Dataset entries:
=-=-=-=-=

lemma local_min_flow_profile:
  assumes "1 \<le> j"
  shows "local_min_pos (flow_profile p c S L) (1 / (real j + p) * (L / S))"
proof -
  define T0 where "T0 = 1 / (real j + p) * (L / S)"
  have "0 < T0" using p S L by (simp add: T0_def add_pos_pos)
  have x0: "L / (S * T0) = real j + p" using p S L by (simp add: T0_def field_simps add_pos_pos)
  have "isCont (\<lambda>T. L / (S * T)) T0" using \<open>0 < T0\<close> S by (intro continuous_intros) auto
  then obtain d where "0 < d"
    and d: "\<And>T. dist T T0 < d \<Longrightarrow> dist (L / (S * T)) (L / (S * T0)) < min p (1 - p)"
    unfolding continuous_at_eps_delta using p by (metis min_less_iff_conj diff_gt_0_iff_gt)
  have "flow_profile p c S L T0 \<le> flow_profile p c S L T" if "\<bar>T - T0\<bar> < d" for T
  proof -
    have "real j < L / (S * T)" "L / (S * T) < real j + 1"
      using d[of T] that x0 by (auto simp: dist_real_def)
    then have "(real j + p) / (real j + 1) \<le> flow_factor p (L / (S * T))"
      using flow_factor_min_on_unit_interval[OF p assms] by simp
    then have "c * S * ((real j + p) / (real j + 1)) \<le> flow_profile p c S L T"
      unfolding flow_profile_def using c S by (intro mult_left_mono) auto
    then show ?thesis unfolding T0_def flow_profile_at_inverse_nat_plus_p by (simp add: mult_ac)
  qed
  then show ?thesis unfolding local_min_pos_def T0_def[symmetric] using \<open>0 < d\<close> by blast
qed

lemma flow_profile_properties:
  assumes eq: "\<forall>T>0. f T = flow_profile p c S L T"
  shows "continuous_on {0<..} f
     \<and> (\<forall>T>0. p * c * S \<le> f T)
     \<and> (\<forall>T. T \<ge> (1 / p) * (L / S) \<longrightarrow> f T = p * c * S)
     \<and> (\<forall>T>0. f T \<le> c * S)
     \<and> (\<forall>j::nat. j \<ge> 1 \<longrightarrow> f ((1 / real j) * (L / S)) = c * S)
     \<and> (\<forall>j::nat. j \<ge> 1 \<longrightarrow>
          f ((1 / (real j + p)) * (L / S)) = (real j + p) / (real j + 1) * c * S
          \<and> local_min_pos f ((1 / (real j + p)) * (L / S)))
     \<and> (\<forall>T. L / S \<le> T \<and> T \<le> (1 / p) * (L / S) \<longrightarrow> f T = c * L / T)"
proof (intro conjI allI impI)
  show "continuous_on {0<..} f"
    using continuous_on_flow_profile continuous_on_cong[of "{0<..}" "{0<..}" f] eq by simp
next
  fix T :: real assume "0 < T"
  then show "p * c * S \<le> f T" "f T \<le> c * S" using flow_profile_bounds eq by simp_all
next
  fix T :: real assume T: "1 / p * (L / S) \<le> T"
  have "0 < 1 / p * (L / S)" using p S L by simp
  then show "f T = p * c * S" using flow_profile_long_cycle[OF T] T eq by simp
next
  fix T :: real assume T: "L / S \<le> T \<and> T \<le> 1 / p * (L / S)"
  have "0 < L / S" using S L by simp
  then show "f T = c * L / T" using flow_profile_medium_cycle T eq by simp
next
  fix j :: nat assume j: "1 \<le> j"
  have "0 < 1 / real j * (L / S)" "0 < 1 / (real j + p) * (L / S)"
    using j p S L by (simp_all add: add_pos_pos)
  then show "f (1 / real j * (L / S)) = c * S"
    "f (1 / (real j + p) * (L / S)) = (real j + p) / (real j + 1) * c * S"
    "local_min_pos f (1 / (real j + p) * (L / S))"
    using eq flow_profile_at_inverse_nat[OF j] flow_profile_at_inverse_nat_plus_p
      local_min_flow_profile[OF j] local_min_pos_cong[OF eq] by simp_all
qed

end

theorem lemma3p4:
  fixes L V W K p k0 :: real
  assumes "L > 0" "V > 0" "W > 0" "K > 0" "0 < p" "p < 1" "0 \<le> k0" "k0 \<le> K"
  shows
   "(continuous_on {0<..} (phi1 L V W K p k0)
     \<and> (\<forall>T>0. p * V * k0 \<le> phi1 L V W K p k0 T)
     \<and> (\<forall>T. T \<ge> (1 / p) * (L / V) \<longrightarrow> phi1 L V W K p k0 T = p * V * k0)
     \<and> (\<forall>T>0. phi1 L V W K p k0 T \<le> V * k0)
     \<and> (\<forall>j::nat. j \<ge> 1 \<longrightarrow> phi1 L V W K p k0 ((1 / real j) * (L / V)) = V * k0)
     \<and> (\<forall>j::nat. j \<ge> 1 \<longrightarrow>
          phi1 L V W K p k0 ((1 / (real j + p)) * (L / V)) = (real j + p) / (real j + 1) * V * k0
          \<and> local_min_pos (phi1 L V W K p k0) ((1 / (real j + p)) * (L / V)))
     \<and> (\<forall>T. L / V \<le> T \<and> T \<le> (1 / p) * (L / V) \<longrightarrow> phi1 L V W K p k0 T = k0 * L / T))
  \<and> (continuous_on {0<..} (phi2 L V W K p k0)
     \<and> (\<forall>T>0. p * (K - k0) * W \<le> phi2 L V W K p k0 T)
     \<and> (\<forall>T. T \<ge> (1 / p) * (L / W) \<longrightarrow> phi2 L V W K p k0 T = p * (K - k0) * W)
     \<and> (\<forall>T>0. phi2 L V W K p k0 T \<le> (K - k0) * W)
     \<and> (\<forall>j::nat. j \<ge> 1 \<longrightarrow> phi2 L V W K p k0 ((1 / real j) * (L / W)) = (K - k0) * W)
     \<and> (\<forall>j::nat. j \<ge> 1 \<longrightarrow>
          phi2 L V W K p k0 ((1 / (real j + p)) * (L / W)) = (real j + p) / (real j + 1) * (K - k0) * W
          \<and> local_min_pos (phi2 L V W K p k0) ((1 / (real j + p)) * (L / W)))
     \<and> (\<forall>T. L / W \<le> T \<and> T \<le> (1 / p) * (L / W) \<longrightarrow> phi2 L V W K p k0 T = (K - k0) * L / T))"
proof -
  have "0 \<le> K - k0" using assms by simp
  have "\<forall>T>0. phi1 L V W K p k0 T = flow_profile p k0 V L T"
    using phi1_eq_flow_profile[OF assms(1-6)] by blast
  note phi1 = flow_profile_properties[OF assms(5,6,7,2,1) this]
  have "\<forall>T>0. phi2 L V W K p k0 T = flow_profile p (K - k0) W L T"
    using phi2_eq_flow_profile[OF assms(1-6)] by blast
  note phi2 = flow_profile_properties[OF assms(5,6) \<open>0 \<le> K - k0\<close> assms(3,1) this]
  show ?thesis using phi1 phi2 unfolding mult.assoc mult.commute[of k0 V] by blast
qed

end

=-=-=-=-=

**Exercise aim**
Write out exactly the lines that fall from the line with "(real j + p)) * (L / V)))" to the line with "phi2 L V W K p k0 ((1 / (real" in the records above, keeping both ends.

**Final answer**
          \<and> local_min_pos (phi1 L V W K p k0) ((1 / (real j + p)) * (L / V)))
     \<and> (\<forall>T. L / V \<le> T \<and> T \<le> (1 / p) * (L / V) \<longrightarrow> phi1 L V W K p k0 T = k0 * L / T))
  \<and> (continuous_on {0<..} (phi2 L V W K p k0)
     \<and> (\<forall>T>0. p * (K - k0) * W \<le> phi2 L V W K p k0 T)
     \<and> (\<forall>T. T \<ge> (1 / p) * (L / W) \<longrightarrow> phi2 L V W K p k0 T = p * (K - k0) * W)
     \<and> (\<forall>T>0. phi2 L V W K p k0 T \<le> (K - k0) * W)
     \<and> (\<forall>j::nat. j \<ge> 1 \<longrightarrow> phi2 L V W K p k0 ((1 / real j) * (L / W)) = (K - k0) * W)
     \<and> (\<forall>j::nat. j \<ge> 1 \<longrightarrow>
          phi2 L V W K p k0 ((1 / (real j + p)) * (L / W)) = (real j + p) / (real j + 1) * (K - k0) * W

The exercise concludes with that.